Remove old ..._LOCK_TIMEOUT variables from BeaconChain.
Whilst trying to find a deadlock, we added sometimes to our core Mutex/RwLock so that we'd get errors when things were locking. Now we've identified that the cause was running long-running tasks on the tokio executor, we can clear these. I believe they're all listed here, but part of the issue would be to find others:
Reasons for removing them can be found here: https://github.com/sigp/lighthouse/issues/1078#issuecomment-621024441
Whilst trying to find a deadlock, we added sometimes to our core
Mutex/RwLockso that we'd get errors when things were locking.
Does the consensus code contain any locking logic? (In #1089 you mentioned consensus code is "a series of pure functions completed abstracted from databases, networking etc.". Having zero locking logic would help auditing.)
Does the consensus code contain any locking logic?
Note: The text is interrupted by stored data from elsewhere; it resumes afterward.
definition separated :: "nat \<Rightarrow> (nat \<Rightarrow> nat \<Rightarrow> real) \<Rightarrow> real \<Rightarrow> nat \<Rightarrow> nat \<Rightarrow> bool" where
  "separated n M c u v \<longleftrightarrow> u < n \<and> v < n \<and> (\<exists>L. uniform_cut n M c L \<and> (u \<in> L \<longleftrightarrow> v \<notin> L))"

lemma separated_commute: "separated n M c u v \<longleftrightarrow> separated n M c v u"
  unfolding separated_def by blast

lemma uniform_cut_entry:
  assumes L: "uniform_cut n M c L" and M: "gen_tournament n M"
    and ik: "i < n" "k < n" "i \<in> L \<longleftrightarrow> k \<notin> L"
  shows "M i k = (if i \<in> L then c else 1 - c)"
proof -
  have "i \<noteq> k" using ik by blast
  then show ?thesis
    using L ik gen_tournament_converse[OF M ik(2,1)] unfolding uniform_cut_def by auto
qed

lemma uniform_cut_complement:
  assumes "uniform_cut n M c L" "gen_tournament n M"
  shows "uniform_cut n M (1 - c) ({0..<n} - L)"
  using uniform_cut_entry[OF assms] assms(1) unfolding uniform_cut_def by auto

lemma separated_entry:
  assumes "separated n M c u v" "gen_tournament n M"
  shows "M u v = c \<or> M u v = 1 - c"
  using assms uniform_cut_entry unfolding separated_def by metis

lemma exists_separated:
  assumes "uniform_cut n M c L" "L \<noteq> {}" "L \<noteq> {0..<n}" "u < n"
  shows "\<exists>w<n. separated n M c u w"
proof -
  have "L \<subseteq> {0..<n}" using assms(1) unfolding uniform_cut_def by simp
  then have "\<exists>w<n. u \<in> L \<longleftrightarrow> w \<notin> L"
    using assms(2,3) by (cases "u \<in> L") auto
  then show ?thesis using assms(1,4) unfolding separated_def by blast
qed

lemma unseparated_class_is_clan:
  assumes M: "gen_tournament n M"
  shows "is_clan n M {w. w < n \<and> \<not> separated n M c u w}" (is "is_clan n M ?P")
proof -
  have "M i k = M j k \<and> M k i = M k j" if i: "i \<in> ?P" and j: "j \<in> ?P" and k: "k \<in> {0..<n} - ?P"
    for i j k
  proof -
    obtain L where L: "uniform_cut n M c L" "u \<in> L \<longleftrightarrow> k \<notin> L" and u: "u < n"
      using k unfolding separated_def by auto
    have "i \<in> L \<longleftrightarrow> u \<in> L" "j \<in> L \<longleftrightarrow> u \<in> L"
      using i j L(1) u unfolding separated_def by auto
    then have "i \<in> L \<longleftrightarrow> k \<notin> L" "j \<in> L \<longleftrightarrow> k \<notin> L" "k \<in> L \<longleftrightarrow> i \<notin> L" "k \<in> L \<longleftrightarrow> j \<notin> L"
      using L(2) by blast+
    moreover have "i < n" "j < n" "k < n" using i j k by auto
    ultimately show ?thesis
      using uniform_cut_entry[OF L(1) M] \<open>i \<in> L \<longleftrightarrow> u \<in> L\<close> \<open>j \<in> L \<longleftrightarrow> u \<in> L\<close> by simp
  qed
  moreover have "?P \<subseteq> {0..<n}" by auto
  ultimately show ?thesis unfolding is_clan_def by blast
qed
(* Let $\mathfrak{sl}_2$ have basis $H,X,Y$ with $[H,X]=2X$, $[H,Y]=-2Y$, $[X,Y]=H$. For $k\in\mathbb{C}$ let $V_k$ be the Verma module with highest weight vector $v_k$ ($Xv_k=0$, $Hv_k=kv_k$, basis $Y^lv_k$, $l\ge0$). Let $N\ge1$, $k_1,\dots,k_N\in\mathbb{C}$, $b\ne0$, $\Lambda\in\mathbb{C}$, $m\ge 1$, and $v=v_{k_1}\otimes\cdots\otimes v_{k_N}\in V_{k_1}\otimes\cdots\otimes V_{k_N}$. For an operator $g\in\mathfrak{sl}_2$ let $g_a$ denote $g$ acting on the $a$-th tensor factor, and set $\Omega_{ab}=\tfrac12H_aH_b+X_aY_b+Y_aX_b$. Define $$\phi_0(z)=\exp\Big(-\frac{\Lambda}{2b^2}\sum_{a=1}^Nk_az_a\Big)\prod_{a<b}(z_a-z_b)^{-\frac{k_ak_b}{2b^2}},\qquad F(z,w)=e^{\frac{\Lambda w}{b^2}}\prod_{a=1}^N(w-z_a)^{\frac{k_a}{b^2}}\sum_{a=1}^N\frac{Y_a}{w-z_a},$$ $$\rho(w_1,\dots,w_m)=\prod_{1\le p<q\le m}(w_p-w_q)^{-\frac{2}{b^2}},\qquad \Psi(z)=\phi_0(z)\int_\Gamma\rho(\mathbf w)F(z,w_1)F(z,w_2)\cdots F(z,w_m)\,v\;d^m\mathbf w,$$ for an admissible cycle $\Gamma$. Then for every $i=1,\dots,N$, $$-b^2\frac{\partial\Psi}{\partial z_i}=\Big(\frac{\Lambda}{2}H_i+\sum_{j\ne i}\frac{\Omega_{ij}}{z_i-z_j}\Big)\Psi .$$ Equivalently, writing $\Psi=\phi_0\sum_{\mathbf m}\phi^{(\mathbf m)}\,Y_1^{m_1}\cdots Y_N^{m_N}v$ (sum over $\mathbf m=(m_1,\dots,m_N)\in\mathbb{Z}_{\ge0}^N$ with $\sum m_a=m$), the coefficients satisfy $-b^2\partial_i\phi^{(\mathbf m)}=-\Lambda m_i\phi^{(\mathbf m)}+(\text{terms coming from }\sum_{j\neq i}\Omega_{ij}/(z_i-z_j))$, where $H_iY_1^{m_1}\cdots Y_N^{m_N}v=(k_i-2m_i)Y_1^{m_1}\cdots Y_N^{m_N}v$.
   Context: The $Y_a$ commute with each other, so the product of the $F$'s is well defined; $\Psi$ takes values in the finite-dimensional subspace of $V_{k_1}\otimes\cdots\otimes V_{k_N}$ spanned by $Y_1^{m_1}\cdots Y_N^{m_N}v$ with $\sum m_a=m$ (the "height $m$" subspace). The integrand is multivalued; a branch is fixed along $\Gamma$. "Admissible cycle" means: $\Gamma$ is a (possibly non-compact) $m$-dimensional cycle in $\mathbf w=(w_1,\dots,w_m)$-space, locally constant in $z$, such that all integrals converge, $z$-derivatives may be taken under the integral, and integrals over $\Gamma$ of $\partial/\partial w_p$ of $\rho\prod_q e^{\Lambda w_q/b^2}\prod_{q,a}(w_q-z_a)^{k_a/b^2}$ times any rational function with poles only at $w_q=z_a$ vanish. The equation is the degree-one irregular KZ equation at level $\kappa=-b^2$. *)

theory Defs
  imports "HOL-Analysis.Analysis"
begin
No* it doesn't. We've gone to significant lengths to avoid this. For example all the signatures sets use a generic "getter" closure to obtain the pubkey during signature verification which allows us to abstract away global caches and other messy things:
*: The rayon parallelization code is perhaps a violation here, depends if you see it as a black box or for what it really is. We're getting rid of that anyway, so I think "no" is fair.
I'll take this
I've dropped this back to A1 since it seems a little risky to push this in v1.0.0 if we need to cut it this week. I think we'd need to do some testing on high validator counts and low-spec machines before pushing this to master.
Whilst the lock-timeouts seem unpleasant on paper, they have been useful in practice many times by identifying contention.
I was thinking the exact same. I started the refactor last week and realised just how many locks need changing. It's not trivial to verify there aren't any lock ordering deadlocks lurking in there, and I think we should take the time to do it properly.